Only a number is wanted: how many lines in these records contain the word "definition"?

Stored data:
*-*-*

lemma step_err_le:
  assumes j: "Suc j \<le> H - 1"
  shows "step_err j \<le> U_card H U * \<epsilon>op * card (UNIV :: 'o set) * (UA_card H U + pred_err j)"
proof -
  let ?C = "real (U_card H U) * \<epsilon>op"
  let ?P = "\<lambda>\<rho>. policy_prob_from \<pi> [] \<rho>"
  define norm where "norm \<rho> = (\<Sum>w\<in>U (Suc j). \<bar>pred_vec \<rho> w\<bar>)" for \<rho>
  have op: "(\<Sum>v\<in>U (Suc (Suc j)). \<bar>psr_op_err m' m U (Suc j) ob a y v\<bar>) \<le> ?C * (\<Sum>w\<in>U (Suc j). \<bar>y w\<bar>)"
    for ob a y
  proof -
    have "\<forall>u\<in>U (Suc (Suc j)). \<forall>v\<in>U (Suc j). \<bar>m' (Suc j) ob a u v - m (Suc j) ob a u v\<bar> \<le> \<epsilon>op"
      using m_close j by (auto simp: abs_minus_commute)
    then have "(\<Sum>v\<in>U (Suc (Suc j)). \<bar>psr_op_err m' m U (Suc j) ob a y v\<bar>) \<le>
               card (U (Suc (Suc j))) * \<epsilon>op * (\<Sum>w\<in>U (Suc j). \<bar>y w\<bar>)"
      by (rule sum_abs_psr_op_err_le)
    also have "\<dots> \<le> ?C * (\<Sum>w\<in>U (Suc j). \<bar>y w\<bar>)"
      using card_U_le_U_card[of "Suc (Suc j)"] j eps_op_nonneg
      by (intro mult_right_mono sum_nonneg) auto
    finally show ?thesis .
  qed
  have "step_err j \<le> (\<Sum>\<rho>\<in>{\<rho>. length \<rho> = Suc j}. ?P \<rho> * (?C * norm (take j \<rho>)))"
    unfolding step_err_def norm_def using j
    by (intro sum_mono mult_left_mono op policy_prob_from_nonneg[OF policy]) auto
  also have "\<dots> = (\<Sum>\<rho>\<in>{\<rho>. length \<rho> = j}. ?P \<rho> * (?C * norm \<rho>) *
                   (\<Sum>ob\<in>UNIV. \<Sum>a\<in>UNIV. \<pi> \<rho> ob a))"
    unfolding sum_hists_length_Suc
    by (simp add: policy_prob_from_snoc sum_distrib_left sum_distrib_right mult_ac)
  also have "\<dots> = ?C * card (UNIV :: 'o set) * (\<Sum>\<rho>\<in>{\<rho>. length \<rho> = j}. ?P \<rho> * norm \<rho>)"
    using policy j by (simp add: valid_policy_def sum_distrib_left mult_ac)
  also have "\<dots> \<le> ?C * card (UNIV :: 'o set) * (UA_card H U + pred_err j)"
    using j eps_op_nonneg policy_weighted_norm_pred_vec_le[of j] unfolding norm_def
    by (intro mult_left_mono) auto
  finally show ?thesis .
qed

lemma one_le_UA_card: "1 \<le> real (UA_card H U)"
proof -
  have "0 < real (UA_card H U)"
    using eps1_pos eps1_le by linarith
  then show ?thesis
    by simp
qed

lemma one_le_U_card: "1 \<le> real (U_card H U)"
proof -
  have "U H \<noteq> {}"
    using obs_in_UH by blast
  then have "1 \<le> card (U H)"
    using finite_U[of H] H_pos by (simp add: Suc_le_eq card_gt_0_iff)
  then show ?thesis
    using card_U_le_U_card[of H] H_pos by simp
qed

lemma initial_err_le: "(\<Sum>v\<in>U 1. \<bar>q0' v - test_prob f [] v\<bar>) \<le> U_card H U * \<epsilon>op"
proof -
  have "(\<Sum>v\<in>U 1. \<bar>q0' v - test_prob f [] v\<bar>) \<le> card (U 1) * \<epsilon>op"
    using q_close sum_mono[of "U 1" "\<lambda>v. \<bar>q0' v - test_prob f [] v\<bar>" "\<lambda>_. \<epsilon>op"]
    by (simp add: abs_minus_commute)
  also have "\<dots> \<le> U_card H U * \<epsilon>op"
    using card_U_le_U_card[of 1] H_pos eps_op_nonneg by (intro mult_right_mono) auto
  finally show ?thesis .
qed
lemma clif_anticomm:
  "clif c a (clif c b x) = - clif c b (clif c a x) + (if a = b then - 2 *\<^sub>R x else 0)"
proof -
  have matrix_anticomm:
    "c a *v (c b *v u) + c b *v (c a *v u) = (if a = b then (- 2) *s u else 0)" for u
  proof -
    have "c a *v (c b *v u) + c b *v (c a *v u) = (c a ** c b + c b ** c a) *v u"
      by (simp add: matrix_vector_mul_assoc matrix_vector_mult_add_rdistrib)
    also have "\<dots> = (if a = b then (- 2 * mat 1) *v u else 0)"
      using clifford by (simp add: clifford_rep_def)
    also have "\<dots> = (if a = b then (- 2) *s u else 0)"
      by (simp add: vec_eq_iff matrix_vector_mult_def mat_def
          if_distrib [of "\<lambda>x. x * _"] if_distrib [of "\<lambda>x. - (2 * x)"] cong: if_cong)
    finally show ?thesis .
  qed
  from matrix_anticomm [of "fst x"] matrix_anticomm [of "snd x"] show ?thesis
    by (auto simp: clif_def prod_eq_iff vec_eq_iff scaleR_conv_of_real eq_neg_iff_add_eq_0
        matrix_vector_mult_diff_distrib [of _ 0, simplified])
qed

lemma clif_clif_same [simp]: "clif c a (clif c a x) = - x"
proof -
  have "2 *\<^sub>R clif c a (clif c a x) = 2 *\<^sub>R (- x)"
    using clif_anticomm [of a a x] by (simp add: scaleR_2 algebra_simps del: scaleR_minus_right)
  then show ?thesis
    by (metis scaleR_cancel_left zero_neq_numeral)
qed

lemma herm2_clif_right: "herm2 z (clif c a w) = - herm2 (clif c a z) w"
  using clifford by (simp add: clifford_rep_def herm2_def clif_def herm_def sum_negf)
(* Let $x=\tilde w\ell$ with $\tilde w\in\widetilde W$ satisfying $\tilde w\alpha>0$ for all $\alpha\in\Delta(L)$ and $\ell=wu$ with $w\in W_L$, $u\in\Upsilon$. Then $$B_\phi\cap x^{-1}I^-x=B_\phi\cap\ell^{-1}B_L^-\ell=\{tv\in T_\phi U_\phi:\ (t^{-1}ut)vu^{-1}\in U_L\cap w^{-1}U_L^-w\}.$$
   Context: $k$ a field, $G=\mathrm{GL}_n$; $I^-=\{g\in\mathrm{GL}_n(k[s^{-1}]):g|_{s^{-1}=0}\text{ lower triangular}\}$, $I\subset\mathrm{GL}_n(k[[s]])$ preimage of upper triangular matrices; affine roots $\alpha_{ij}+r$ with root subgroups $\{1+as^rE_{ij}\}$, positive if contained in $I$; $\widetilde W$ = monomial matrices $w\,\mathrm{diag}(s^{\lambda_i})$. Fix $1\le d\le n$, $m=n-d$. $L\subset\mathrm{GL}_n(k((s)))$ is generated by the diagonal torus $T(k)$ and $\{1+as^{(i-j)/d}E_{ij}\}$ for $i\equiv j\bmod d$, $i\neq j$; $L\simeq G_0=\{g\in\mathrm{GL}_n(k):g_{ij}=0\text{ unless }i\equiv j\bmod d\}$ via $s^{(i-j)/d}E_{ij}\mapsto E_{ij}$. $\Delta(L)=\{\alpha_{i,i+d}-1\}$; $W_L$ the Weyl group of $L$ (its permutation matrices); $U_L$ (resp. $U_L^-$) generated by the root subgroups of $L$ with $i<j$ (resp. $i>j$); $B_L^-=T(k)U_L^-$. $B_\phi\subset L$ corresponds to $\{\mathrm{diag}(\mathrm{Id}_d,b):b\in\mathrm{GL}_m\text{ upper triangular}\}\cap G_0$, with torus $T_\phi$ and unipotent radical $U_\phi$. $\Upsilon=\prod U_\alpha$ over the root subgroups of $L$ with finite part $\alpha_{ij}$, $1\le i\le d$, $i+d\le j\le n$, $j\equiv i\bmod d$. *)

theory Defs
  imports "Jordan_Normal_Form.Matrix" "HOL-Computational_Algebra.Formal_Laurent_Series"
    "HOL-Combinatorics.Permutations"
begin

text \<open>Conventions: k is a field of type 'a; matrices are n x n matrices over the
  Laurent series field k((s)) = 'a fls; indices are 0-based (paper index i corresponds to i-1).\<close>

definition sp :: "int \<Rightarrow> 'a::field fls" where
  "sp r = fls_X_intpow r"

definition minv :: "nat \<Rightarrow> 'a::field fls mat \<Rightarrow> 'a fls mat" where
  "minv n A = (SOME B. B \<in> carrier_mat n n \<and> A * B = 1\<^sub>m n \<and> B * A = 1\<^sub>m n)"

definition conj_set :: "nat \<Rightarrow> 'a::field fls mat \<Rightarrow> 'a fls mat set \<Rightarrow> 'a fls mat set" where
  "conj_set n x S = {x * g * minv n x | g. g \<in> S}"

*-*-*

Output for this exercise:
3